[Entries taken from a collection]
______

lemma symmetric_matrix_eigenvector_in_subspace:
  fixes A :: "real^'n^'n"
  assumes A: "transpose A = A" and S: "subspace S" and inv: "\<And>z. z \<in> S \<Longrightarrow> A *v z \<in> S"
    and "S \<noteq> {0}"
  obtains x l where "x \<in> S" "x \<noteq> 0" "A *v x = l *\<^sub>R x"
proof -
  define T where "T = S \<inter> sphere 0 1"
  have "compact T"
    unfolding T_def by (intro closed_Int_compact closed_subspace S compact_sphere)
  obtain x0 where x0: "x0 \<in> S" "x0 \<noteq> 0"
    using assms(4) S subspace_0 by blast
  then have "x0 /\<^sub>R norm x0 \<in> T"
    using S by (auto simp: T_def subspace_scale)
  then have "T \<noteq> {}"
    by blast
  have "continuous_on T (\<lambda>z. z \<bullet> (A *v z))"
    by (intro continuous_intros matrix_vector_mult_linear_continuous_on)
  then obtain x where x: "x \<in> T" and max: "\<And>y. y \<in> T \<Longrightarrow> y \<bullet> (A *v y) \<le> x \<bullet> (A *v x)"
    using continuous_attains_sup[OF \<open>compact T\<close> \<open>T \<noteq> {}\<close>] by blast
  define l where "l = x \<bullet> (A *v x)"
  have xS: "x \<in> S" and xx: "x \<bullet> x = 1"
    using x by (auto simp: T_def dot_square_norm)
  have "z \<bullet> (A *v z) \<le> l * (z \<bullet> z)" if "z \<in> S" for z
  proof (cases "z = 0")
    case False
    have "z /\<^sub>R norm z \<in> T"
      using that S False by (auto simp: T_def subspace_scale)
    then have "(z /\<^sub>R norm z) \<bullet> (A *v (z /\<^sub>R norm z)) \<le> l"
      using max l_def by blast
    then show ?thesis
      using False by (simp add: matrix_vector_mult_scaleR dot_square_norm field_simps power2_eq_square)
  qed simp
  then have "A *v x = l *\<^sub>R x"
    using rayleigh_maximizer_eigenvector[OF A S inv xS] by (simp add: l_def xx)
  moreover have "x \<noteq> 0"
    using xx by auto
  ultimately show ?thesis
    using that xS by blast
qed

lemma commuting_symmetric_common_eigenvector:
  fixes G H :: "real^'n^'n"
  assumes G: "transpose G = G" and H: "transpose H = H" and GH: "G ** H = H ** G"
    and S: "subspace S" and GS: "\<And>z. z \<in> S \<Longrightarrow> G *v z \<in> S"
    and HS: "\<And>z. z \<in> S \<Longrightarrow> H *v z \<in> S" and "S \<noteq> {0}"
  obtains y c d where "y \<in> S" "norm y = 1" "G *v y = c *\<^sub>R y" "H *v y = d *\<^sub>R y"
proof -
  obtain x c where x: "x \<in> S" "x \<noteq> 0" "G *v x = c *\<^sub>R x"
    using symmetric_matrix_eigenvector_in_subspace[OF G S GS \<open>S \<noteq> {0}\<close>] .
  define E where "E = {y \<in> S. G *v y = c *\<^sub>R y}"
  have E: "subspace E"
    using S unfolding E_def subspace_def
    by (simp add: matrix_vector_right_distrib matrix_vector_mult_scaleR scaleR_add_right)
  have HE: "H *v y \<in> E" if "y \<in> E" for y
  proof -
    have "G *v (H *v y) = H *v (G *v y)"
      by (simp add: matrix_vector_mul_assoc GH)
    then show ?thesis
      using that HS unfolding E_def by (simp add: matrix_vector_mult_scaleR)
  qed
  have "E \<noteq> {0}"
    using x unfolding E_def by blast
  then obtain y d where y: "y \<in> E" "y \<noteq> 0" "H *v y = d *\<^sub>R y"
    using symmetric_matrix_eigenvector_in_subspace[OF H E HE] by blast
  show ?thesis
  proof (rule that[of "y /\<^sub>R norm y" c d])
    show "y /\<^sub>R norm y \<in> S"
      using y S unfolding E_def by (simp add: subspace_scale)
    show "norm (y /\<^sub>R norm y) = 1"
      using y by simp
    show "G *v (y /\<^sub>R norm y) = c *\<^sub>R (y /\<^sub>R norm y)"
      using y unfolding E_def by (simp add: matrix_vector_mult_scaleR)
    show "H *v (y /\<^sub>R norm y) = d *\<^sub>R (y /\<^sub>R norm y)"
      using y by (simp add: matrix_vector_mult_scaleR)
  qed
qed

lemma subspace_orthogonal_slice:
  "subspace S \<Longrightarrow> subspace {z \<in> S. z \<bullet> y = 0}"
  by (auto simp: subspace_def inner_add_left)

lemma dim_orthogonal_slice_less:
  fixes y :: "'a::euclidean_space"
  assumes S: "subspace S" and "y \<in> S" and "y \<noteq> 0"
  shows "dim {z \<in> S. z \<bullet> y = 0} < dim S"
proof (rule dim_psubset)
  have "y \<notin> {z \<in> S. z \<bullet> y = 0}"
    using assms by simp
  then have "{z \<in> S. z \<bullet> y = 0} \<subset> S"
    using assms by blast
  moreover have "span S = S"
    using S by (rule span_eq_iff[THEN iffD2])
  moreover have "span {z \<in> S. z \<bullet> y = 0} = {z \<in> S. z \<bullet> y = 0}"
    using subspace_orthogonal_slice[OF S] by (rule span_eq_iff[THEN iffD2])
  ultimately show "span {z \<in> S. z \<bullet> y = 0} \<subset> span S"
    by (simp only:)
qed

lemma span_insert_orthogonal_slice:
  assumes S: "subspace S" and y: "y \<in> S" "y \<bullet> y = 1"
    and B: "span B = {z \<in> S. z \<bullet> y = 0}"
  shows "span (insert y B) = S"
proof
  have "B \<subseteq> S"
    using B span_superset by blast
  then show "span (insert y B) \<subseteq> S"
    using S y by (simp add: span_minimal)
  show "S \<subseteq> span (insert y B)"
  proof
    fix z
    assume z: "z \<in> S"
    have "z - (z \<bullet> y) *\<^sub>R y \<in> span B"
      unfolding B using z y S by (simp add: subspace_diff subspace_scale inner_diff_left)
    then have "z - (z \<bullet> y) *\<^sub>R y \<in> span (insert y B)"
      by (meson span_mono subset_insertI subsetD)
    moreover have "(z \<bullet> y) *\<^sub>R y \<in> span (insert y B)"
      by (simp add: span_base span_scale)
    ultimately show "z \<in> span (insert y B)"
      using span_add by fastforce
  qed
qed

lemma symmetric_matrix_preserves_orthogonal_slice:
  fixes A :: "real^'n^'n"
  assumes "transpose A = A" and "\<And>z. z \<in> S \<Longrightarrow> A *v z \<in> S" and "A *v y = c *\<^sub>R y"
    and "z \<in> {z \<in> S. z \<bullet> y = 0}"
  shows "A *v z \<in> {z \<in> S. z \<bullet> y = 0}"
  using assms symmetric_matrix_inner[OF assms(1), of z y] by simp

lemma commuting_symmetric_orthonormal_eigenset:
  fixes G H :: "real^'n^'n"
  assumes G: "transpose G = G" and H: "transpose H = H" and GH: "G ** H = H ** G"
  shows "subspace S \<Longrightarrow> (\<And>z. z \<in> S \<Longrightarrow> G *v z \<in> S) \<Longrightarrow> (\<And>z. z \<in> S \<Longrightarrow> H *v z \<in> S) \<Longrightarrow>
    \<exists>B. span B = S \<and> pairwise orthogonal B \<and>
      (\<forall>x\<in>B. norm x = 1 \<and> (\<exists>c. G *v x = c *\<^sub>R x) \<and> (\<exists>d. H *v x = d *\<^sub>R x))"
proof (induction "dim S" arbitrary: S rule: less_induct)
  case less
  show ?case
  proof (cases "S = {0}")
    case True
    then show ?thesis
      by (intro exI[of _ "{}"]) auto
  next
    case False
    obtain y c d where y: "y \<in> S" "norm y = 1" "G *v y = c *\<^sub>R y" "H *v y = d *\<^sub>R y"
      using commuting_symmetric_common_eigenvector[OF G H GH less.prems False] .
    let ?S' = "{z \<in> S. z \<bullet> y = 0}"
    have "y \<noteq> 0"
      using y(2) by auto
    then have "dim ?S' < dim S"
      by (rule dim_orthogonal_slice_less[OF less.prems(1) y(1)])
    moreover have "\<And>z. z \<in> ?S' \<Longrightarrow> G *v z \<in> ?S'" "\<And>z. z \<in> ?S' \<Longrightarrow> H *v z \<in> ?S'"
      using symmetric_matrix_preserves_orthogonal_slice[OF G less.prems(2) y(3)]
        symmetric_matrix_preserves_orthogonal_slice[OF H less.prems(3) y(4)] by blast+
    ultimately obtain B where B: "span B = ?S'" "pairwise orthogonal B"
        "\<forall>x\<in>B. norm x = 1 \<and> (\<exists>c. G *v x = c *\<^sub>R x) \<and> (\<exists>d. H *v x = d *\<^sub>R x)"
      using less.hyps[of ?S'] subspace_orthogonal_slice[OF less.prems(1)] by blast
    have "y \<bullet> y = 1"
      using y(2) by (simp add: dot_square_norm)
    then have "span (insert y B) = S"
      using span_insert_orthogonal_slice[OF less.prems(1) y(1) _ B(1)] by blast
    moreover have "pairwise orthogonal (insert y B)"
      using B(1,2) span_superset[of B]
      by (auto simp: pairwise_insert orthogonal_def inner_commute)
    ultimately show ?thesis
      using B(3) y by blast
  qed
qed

______

• TASK STATEMENT: Repeat word for word the lines above that run from the line containing "proof (rule dim_psubset)" through the line containing "using subspace_orthogonal_slice[OF S]", both ends included, and nothing else.

• RESULT:
proof (rule dim_psubset)
  have "y \<notin> {z \<in> S. z \<bullet> y = 0}"
    using assms by simp
  then have "{z \<in> S. z \<bullet> y = 0} \<subset> S"
    using assms by blast
  moreover have "span S = S"
    using S by (rule span_eq_iff[THEN iffD2])
  moreover have "span {z \<in> S. z \<bullet> y = 0} = {z \<in> S. z \<bullet> y = 0}"
    using subspace_orthogonal_slice[OF S] by (rule span_eq_iff[THEN iffD2])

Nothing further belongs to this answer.